Please repeat the lines below exactly. Begin with the line containing "y\<close> by linarith" and go on through the line containing "# map (\<lambda>i.".
[[ Data supplied, beginning ]]
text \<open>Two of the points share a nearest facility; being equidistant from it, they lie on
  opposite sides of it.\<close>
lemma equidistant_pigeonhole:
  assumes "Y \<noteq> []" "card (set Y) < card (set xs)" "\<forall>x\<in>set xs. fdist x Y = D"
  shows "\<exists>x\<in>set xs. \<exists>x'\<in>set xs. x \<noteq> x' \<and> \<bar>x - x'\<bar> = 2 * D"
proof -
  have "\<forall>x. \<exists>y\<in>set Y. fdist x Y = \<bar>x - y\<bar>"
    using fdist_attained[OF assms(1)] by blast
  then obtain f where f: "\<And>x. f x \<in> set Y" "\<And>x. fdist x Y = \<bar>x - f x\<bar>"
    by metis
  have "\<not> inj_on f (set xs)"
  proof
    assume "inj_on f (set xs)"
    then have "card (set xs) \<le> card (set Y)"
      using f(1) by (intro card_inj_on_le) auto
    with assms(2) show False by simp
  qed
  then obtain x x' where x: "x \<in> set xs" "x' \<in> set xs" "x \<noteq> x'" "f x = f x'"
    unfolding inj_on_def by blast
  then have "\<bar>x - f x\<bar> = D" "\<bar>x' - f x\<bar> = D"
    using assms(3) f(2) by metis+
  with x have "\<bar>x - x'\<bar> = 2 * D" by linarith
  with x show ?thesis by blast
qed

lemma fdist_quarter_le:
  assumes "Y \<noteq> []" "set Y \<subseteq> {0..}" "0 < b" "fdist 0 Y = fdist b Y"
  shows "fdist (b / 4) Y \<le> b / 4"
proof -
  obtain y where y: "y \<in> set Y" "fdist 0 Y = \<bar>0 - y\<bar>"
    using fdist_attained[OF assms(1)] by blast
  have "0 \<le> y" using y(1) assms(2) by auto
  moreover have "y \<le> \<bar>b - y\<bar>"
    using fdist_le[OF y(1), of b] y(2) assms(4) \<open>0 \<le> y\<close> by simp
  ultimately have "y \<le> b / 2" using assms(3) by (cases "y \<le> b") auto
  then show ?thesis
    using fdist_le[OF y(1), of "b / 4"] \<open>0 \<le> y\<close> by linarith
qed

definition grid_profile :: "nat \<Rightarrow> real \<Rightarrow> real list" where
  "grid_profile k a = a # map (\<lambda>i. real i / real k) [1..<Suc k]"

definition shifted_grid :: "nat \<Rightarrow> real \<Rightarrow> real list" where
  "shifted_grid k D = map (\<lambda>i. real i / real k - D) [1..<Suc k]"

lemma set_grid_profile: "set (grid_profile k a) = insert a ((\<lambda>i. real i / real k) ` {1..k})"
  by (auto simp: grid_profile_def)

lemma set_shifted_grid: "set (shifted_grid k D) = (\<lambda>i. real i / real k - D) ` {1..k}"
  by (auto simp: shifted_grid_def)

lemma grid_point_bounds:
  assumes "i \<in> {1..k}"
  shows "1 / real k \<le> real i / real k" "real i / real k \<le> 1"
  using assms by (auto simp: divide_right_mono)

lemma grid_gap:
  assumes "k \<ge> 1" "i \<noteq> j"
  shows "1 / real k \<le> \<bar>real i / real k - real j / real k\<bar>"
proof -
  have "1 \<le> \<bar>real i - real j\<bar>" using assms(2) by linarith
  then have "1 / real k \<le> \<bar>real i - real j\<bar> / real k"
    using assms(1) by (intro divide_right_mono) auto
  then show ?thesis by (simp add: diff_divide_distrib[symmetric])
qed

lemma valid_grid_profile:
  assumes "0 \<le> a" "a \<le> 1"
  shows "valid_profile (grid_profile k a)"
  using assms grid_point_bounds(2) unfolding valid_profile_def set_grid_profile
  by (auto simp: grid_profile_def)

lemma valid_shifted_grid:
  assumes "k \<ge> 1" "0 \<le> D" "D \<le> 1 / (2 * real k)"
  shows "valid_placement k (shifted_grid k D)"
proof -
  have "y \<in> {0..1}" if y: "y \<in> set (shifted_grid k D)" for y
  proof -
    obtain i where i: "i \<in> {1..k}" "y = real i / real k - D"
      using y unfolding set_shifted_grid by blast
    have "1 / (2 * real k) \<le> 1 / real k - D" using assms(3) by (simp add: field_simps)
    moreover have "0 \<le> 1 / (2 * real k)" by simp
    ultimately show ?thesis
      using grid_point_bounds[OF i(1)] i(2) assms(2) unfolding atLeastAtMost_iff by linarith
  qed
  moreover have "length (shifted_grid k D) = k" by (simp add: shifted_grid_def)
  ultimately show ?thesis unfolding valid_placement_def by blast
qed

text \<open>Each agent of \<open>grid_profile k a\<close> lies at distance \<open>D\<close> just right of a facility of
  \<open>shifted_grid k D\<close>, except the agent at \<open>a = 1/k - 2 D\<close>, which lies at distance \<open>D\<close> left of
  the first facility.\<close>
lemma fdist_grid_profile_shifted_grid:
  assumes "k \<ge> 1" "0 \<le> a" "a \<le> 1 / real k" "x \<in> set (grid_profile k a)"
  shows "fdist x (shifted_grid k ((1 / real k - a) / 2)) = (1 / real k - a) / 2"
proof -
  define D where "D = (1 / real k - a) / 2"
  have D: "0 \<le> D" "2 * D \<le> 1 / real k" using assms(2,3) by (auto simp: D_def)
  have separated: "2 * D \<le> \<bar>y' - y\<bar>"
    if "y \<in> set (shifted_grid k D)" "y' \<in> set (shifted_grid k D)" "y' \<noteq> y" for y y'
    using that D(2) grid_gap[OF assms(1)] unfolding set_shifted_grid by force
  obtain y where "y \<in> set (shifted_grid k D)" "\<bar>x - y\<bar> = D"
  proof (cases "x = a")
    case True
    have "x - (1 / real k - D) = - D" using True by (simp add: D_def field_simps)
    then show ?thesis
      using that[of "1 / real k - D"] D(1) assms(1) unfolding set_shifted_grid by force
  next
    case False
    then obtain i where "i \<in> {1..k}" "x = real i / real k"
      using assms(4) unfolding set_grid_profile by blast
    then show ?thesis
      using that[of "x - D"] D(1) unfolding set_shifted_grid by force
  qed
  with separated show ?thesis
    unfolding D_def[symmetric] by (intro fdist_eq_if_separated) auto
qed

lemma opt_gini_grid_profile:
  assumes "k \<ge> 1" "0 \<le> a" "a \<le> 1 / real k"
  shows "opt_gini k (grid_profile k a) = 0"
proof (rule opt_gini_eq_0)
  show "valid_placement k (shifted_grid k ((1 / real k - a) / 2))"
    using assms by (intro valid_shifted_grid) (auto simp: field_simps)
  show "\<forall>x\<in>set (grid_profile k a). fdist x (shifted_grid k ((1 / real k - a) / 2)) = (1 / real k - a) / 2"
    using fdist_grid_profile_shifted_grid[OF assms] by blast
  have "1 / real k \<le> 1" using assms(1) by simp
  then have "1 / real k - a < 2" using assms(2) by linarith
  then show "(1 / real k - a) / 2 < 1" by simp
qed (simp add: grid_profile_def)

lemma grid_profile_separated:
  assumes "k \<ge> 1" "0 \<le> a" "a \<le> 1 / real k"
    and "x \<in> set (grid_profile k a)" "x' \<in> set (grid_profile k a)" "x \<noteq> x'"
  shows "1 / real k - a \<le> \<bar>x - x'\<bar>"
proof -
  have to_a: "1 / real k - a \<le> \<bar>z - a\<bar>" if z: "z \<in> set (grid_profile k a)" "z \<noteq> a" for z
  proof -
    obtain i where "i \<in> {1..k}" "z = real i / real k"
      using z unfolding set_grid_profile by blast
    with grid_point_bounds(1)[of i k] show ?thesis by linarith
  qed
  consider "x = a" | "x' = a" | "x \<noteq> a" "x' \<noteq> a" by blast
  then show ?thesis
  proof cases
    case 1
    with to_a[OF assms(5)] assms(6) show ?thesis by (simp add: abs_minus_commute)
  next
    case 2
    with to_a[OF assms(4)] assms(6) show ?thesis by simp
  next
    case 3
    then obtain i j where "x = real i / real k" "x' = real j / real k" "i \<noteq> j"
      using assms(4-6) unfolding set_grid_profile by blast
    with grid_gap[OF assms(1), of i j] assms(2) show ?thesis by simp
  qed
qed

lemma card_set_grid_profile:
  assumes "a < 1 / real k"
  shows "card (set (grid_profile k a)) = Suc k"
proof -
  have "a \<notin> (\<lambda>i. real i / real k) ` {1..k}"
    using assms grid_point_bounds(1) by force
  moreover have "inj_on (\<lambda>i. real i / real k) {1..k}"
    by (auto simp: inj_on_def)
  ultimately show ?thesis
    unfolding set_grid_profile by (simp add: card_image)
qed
[[ Data supplied, end ]]
• Written solution:
    using fdist_le[OF y(1), of "b / 4"] \<open>0 \<le> y\<close> by linarith
qed

definition grid_profile :: "nat \<Rightarrow> real \<Rightarrow> real list" where
  "grid_profile k a = a # map (\<lambda>i. real i / real k) [1..<Suc k]"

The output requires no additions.